Task item:
Wherever the word "comment" occurs in the lines below, copy the whole line.
Start of Records to process
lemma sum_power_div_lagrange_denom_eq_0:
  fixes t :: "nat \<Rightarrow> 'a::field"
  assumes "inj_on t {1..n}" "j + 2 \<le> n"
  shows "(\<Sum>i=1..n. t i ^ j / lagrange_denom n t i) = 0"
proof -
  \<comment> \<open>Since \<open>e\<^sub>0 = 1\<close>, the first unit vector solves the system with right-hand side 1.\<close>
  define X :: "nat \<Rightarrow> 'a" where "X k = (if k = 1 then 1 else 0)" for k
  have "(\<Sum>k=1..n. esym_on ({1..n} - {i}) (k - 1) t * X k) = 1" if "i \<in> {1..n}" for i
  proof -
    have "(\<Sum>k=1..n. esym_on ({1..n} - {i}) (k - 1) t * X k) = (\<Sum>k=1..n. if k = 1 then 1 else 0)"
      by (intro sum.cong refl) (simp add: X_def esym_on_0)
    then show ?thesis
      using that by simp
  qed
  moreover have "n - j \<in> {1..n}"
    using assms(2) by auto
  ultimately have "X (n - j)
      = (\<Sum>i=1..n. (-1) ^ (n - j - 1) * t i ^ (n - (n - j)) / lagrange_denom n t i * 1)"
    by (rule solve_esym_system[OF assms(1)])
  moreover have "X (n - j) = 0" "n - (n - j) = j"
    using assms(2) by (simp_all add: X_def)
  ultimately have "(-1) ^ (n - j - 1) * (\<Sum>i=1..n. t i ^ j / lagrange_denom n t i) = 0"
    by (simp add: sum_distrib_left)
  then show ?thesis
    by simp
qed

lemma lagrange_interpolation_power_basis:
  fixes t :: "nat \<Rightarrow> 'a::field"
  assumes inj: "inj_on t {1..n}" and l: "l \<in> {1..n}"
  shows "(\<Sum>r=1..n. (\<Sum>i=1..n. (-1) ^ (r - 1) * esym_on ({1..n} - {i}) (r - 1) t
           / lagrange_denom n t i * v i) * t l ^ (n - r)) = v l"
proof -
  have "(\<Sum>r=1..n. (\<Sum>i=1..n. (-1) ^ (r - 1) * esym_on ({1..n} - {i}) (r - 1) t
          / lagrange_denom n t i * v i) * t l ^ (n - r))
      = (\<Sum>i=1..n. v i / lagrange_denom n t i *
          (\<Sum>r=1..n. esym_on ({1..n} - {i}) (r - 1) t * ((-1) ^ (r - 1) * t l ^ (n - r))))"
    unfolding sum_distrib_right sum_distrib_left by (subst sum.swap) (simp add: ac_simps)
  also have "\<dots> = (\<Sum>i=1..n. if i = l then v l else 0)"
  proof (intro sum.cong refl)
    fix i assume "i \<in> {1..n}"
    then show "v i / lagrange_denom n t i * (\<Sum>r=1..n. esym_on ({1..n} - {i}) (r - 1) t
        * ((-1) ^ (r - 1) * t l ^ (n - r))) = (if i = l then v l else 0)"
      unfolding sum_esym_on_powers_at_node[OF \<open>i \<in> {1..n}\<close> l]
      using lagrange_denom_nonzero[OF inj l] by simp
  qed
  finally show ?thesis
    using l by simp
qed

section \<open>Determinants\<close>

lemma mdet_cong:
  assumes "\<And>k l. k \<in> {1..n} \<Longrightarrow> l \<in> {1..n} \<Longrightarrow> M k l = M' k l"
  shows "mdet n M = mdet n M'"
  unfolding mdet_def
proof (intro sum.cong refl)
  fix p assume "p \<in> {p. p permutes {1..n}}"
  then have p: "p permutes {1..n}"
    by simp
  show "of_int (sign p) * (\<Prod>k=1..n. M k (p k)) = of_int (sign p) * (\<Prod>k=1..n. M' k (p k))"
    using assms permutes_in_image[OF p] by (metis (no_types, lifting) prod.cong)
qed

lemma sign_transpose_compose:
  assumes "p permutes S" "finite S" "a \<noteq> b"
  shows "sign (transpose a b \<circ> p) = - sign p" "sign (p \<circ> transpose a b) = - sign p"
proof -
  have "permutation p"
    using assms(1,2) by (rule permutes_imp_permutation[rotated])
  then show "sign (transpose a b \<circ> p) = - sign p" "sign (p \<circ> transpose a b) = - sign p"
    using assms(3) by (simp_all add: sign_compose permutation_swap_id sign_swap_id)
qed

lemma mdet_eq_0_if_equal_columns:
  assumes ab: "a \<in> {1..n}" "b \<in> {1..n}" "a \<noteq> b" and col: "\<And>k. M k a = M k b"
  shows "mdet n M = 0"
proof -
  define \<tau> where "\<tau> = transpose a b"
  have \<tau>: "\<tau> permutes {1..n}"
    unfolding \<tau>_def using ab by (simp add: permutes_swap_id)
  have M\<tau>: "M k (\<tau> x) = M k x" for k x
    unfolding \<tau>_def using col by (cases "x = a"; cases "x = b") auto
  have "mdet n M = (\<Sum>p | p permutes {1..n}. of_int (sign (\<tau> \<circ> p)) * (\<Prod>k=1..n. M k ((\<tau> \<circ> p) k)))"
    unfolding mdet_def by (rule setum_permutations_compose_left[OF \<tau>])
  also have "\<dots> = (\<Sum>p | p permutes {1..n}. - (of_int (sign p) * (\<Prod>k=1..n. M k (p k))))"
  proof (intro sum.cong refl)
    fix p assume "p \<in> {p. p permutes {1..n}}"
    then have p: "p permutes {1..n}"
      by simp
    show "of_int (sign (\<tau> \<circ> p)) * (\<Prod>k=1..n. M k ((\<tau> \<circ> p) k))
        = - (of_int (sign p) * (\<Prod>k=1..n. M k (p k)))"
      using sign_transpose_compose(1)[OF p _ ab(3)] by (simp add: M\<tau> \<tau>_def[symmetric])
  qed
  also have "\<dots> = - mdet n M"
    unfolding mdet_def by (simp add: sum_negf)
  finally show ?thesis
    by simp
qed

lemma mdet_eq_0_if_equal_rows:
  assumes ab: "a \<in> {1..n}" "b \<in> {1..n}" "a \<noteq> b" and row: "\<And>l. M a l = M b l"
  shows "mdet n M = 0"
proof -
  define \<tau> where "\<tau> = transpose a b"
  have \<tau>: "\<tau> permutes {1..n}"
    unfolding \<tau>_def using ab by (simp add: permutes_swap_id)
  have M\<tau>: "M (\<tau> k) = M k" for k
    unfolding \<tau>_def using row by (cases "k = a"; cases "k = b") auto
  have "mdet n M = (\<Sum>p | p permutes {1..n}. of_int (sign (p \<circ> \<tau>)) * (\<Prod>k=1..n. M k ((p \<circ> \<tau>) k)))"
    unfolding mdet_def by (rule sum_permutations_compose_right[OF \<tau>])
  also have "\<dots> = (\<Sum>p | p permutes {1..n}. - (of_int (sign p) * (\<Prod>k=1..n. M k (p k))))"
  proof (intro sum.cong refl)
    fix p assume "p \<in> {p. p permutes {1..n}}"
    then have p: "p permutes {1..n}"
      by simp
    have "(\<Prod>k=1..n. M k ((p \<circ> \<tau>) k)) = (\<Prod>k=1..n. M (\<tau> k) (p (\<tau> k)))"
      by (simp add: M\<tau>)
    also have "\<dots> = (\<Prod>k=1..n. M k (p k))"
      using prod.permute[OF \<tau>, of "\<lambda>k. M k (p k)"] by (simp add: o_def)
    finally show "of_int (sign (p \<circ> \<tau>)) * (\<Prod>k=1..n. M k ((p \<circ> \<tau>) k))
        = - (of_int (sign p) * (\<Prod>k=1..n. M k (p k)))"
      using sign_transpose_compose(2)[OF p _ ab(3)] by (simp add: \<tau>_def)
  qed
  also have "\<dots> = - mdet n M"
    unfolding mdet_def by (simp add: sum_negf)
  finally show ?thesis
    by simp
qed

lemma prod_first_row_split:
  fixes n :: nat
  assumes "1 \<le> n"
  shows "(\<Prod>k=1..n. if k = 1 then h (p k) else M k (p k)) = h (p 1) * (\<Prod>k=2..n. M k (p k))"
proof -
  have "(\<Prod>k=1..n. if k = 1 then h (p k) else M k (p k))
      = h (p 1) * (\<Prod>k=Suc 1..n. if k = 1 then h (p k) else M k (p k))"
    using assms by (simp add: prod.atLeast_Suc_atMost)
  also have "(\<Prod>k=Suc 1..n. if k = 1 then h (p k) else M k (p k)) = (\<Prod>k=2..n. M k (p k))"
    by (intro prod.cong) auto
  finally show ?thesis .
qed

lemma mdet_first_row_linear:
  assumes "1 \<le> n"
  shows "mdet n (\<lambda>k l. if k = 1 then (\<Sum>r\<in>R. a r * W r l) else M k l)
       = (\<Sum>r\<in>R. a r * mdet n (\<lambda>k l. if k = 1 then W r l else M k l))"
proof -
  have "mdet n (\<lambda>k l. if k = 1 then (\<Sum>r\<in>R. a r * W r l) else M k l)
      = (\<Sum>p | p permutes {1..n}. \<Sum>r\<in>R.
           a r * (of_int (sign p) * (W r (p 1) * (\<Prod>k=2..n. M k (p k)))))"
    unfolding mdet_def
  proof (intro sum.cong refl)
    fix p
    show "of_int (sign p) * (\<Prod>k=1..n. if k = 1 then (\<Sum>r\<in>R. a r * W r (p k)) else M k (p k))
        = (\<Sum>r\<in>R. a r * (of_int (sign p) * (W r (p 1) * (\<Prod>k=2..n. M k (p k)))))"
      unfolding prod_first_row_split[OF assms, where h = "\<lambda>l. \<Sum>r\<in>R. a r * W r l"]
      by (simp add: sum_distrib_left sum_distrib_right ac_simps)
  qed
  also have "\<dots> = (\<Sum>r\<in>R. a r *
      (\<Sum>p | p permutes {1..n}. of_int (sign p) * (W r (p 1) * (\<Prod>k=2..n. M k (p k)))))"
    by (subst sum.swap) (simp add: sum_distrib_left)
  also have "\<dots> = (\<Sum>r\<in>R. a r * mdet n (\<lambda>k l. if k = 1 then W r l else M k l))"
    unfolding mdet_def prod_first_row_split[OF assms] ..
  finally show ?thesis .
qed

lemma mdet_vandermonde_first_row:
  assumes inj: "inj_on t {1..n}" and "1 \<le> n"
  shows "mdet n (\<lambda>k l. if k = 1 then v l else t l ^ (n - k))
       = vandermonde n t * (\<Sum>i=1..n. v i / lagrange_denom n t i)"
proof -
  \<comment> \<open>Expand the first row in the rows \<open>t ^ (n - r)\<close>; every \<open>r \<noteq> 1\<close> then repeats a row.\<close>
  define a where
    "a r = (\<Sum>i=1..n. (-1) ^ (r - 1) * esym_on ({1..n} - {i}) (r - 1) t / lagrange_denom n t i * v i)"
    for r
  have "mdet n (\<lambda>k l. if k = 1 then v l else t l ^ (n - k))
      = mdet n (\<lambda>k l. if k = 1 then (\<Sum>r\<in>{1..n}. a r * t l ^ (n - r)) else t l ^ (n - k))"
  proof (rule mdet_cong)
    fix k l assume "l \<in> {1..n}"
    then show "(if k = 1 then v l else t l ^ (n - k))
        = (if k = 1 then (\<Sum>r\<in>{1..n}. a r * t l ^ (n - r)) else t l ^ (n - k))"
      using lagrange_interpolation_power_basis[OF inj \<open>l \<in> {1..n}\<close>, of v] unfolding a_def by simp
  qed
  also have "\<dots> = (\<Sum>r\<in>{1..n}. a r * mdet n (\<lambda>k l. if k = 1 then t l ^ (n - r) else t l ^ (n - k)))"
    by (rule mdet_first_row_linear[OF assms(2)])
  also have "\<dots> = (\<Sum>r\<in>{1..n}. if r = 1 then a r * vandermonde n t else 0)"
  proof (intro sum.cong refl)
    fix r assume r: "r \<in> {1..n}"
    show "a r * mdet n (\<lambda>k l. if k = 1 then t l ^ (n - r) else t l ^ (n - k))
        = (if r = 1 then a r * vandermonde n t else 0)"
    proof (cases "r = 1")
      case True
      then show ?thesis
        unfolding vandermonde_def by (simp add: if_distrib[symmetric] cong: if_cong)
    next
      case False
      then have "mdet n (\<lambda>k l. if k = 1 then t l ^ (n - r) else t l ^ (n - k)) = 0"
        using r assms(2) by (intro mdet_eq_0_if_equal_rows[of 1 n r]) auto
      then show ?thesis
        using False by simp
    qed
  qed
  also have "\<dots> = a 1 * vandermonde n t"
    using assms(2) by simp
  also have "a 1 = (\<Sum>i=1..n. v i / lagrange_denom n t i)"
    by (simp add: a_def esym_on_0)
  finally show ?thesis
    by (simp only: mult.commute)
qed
End of Records to process
Written answer:
  \<comment> \<open>Since \<open>e\<^sub>0 = 1\<close>, the first unit vector solves the system with right-hand side 1.\<close>
  \<comment> \<open>Expand the first row in the rows \<open>t ^ (n - r)\<close>; every \<open>r \<noteq> 1\<close> then repeats a row.\<close>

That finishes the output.